By now, most likely because of the affinity, Librato’s customers are mainly Saas providers, but anyone can easily buy the product from their web site, and even give it a free trial. In the future, when features will be added and more environments will be supported, I’m sure we’ll see their products adopted by more traditional customers.

In practice

An agent (a very lightweight and unobtrusive piece of software) is installed on your VM (or on a plain physical machine), and will programmatically send VM usage parameters, or specific applications stats being monitored, to a centralized server set up to collect data and to act in a programmed fashion in case thresholds are crossed or events occur.
Depending on the service put under control, a plethora of parameters can be monitored, ranging from the mundane CPU and RAM usage to the more exotic temperature of the server,
An agent can enforce resource limitation for a specific application, (they call this “container”), allowing processes prioritization (similarly to projects and containers in a Solaris environment, here is a link to some technical details).
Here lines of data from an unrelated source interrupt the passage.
(* Let $H$ be a CAT($-1$) space and let $\Phi\in\mathcal{H}$ be such that $\Phi$ and its flip $\hat\Phi$ are Hölder (of some exponent) with Hölder constants at most $L$, and $|\Phi|\leq L$. Then there exists a function $D:\mathbb{R}_{\geq0}\to\mathbb{R}$ such that for any two geodesics $\gamma_1,\gamma_2\in SH$, any $r\geq 0$ and any $t_1,t_2\in\mathbb{R}$ with $d(\gamma_1(0),\gamma_2(0))\leq r$ and $d(\gamma_1(t_1),\gamma_2(t_2))\leq r$, we have $|d^\Phi(\gamma_1(0),\gamma_1(t_1))-d^\Phi(\gamma_2(0),\gamma_2(t_2))|\leq D(r)$.
   Context: $SH$ is the space of unit speed bi-infinite geodesics $\gamma:\mathbb{R}\to H$ with metric $\operatorname{dist}(\gamma_1,\gamma_2)=\frac12\int_{-\infty}^{\infty}d(\gamma_1(t),\gamma_2(t))e^{-|t|}dt$ and geodesic flow $\mathsf g^t\gamma(s)=\gamma(s+t)$; every geodesic segment is assumed to extend to a bi-infinite geodesic. The flip of $\gamma$ is $-\gamma(t)=\gamma(-t)$ and $\hat\Phi(\gamma)=\Phi(-\gamma)$. $\mathcal{H}$ is the set of bounded Hölder functions $\Phi:(SH,\operatorname{dist})\to\mathbb{R}$ with $\Phi(\gamma_1)=\Phi(\gamma_2)$ whenever $\gamma_1|_{[0,\epsilon]}=\gamma_2|_{[0,\epsilon]}$ for some $\epsilon>0$. For $p\neq q$, $d^\Phi(p,q)=\int_0^{d(p,q)}\Phi(\mathsf g^t\gamma_{p,q})dt$ where $\gamma_{p,q}\in SH$ is any geodesic with $\gamma_{p,q}(0)=p$, $\gamma_{p,q}(d(p,q))=q$ (and $d^\Phi(p,p)=0$). *)

theory Defs
  imports "HOL-Analysis.Analysis"
begin

definition geodesic_segment :: "(real \<Rightarrow> 'a::metric_space) \<Rightarrow> 'a \<Rightarrow> 'a \<Rightarrow> bool" where
  "geodesic_segment c p q \<longleftrightarrow> c 0 = p \<and> c (dist p q) = q \<and>
     (\<forall>s\<in>{0..dist p q}. \<forall>t\<in>{0..dist p q}. dist (c s) (c t) = \<bar>s - t\<bar>)"

definition geodesic_space :: "'a::metric_space itself \<Rightarrow> bool" where
  "geodesic_space _ \<longleftrightarrow> (\<forall>p q::'a. \<exists>c. geodesic_segment c p q)"

text \<open>For points x = cq s on
  the side [p,q] and y = cr u on the side [p,r], the distance between the comparison points
  in the hyperbolic plane is given by the hyperbolic law of cosines, with the comparison
  angle at p determined by the three side lengths a = d(p,q), b = d(p,r), c = d(q,r).\<close>
definition CAT_minus_one :: "'a::metric_space itself \<Rightarrow> bool" where
  "CAT_minus_one T \<longleftrightarrow> geodesic_space T \<and>
    (\<forall>p q r :: 'a. \<forall>cq cr. geodesic_segment cq p q \<longrightarrow> geodesic_segment cr p r \<longrightarrow>
      (\<forall>s\<in>{0..dist p q}. \<forall>u\<in>{0..dist p r}.
        cosh (dist (cq s) (cr u)) \<le>
          cosh s * cosh u - sinh s * sinh u *
            ((cosh (dist p q) * cosh (dist p r) - cosh (dist q r)) /
             (sinh (dist p q) * sinh (dist p r)))))"

definition SH :: "(real \<Rightarrow> 'a::metric_space) set" where
  "SH = {\<gamma>. \<forall>s t. dist (\<gamma> s) (\<gamma> t) = \<bar>s - t\<bar>}"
By now only Linux, as VM as well as physical incarnations (even EC2 intances) is supported, but support to several other platforms (i.e. Windows) is on its way.
You can also get a develoement kit to customize even further the “data collector”.

Everything under control, even your costs

Being able to keep under scrutiny your server resources is cricial to understand how much you are spending, and to envise how to better use your money.
Just think about some tasks that are cpu intensive but are not required to be high priority executed: using Librato’s tools you can reserve CPU to more important tasks! preventing you from a beefier server purchase, or just downsizing a VM. With this in mind, Librato’s solutions can be also thought as a capacity planning measure.

Let’s demo

The demo carried out during my visit really impressed me, I warmly recommend you to test the product (I already told you can have a free ride, didn’t I?), even after the free trial period, you will not be charged for the first 8 monitored cores (great for keeping under control an EC2 instance or a VM hosted somewhere).

Bottom line

The product might not be fully grown-up yet, but even in its infancy it proves to be very interesting and Librato is one of those small enterprises really deserving to be kept an eye upon.